Once you’ve got your SRM strategy in the bag, it's time to put those plans into action. Decide how you'll implement your strategy and who on your team is responsible for carrying out those tasks.
It’s always a good idea to use a dedicated vendor management software platform like Certa to manage your SRM process. A platform like this offers automated workflows that free up your team’s limited time and resources from developing your own internal system from scratch. Plus, a centralized platform helps everyone stay on the same page.
Wherever you decide to start, the right third-party lifecycle management software can easily optimize and automate the supplier-facing aspects of your procurement processes and contract management in real-time.
While you implement your new processes, get your team ready to monitor and measure vendor performance across your business units. Regular reporting will help you identify trends and see the areas in your SRM strategy that need further improvement.
Certa can automate parts of this process to help your team spot potential issues before they become problems for your business. It can even generate detailed vendor scorecards that will help you monitor your suppliers’ compliance with your company’s policies and standards.
As these relationships progress, use this supplier data to continue improving and making sure your company is always compliant.
Last but not least, make sure you have the right processes and facilities in place to encourage open and ongoing communication across your supply base. Successful business relationships depend on effective communication to make sure expectations are clear on both sides.
A designated supplier relationship management process is essential for successful supply chain management. Without a clear and structured process in place, it's difficult to effectively manage your supplier relationships.
Strategic Challenges to Watch Out For
We won’t pretend there aren’t challenges to developing mutually beneficial relationships with suppliers. Here are a few of them:
- Managing suppliers is time consuming. There’s a lot of talking involved to maintain these relationships, which can be difficult to manage for complex businesses with hundreds of suppliers.

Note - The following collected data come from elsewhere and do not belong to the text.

lemma borel_measurable_family_sup [measurable]:
  "finite G \<Longrightarrow> G \<subseteq> dyadic \<Longrightarrow> family_sup G b \<in> borel_measurable borel"
  unfolding family_sup_def using dyadic_sets
  by (intro borel_measurable_SUP) (auto intro: countable_finite)

lemma family_sup_remove_min:
  assumes "P0 \<in> G" "\<And>P. P \<in> G \<Longrightarrow> b P0 \<le> b P"
  shows "family_sup (G - {P0}) (\<lambda>P. b P - b P0) x + b P0 * indicator (\<Union>G) x \<le> family_sup G b x"
proof (cases "x \<in> \<Union>G")
  case True
  then obtain P1 where "P1 \<in> G" "x \<in> P1"
    by auto
  then have low: "b P0 \<le> family_sup G b x"
    using assms(2) family_sup_ge order_trans by blast
  have summand: "(b P - b P0) * indicator P x + b P0 \<le> family_sup G b x" if "P \<in> G" for P
    using that low family_sup_ge[of P G x b] assms(2)[OF that]
    by (cases "x \<in> P") (auto simp: diff_add_cancel_ennreal)
  have "family_sup (G - {P0}) (\<lambda>P. b P - b P0) x + b P0 \<le> family_sup G b x"
  proof (cases "G - {P0} = {}")
    case True
    have "family_sup (G - {P0}) (\<lambda>P. b P - b P0) x = 0"
      unfolding family_sup_def True by (simp add: bot_ennreal)
    with low show ?thesis
      by simp
  next
    case False
    then show ?thesis
      using summand unfolding family_sup_def
      by (subst ennreal_SUP_add_left[symmetric]) (auto intro!: SUP_least)
  qed
  with True show ?thesis
    by simp
next
  case False
  then have "family_sup (G - {P0}) (\<lambda>P. b P - b P0) x \<le> 0"
    unfolding family_sup_def by (intro SUP_least) auto
  with False show ?thesis
    by simp
qed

And speaking of hordes of suppliers, it can get expensive to manage them all.
- Finding the right balance between supplier relationships and supplier performance. If you focus too heavily on performance metrics, you risk creating an overly competitive and transactional supplier environment. But, on the other hand, if you put too much emphasis on relationships, it can lead to complacency from suppliers and too little competition and innovation.
- Not being proactive. Your organization has to be committed to actively managing supplier relationships to keep your SRM strategy healthy. Having a reactive approach to managing vendor lifecycles will have your team looking like the Spiderman pointing meme, with no clear strategy on how to deal with the many scenarios that may pop up.
- Misaligned priorities. The success of your relationship depends on ensuring that your suppliers support your overall business objectives and goals. If there’s a disconnect somewhere in the relationship, that could lead to trouble. Clearly outlining your objectives and regularly communicating about them can help your team stay on the same page.
Getting all your tech to play nice. Like most companies, you and your suppliers use a bunch of software and tech tools to manage various aspects of your business operations. If these tools can’t talk to each other , it adds another layer of difficulty in managing the different facets of the relationship.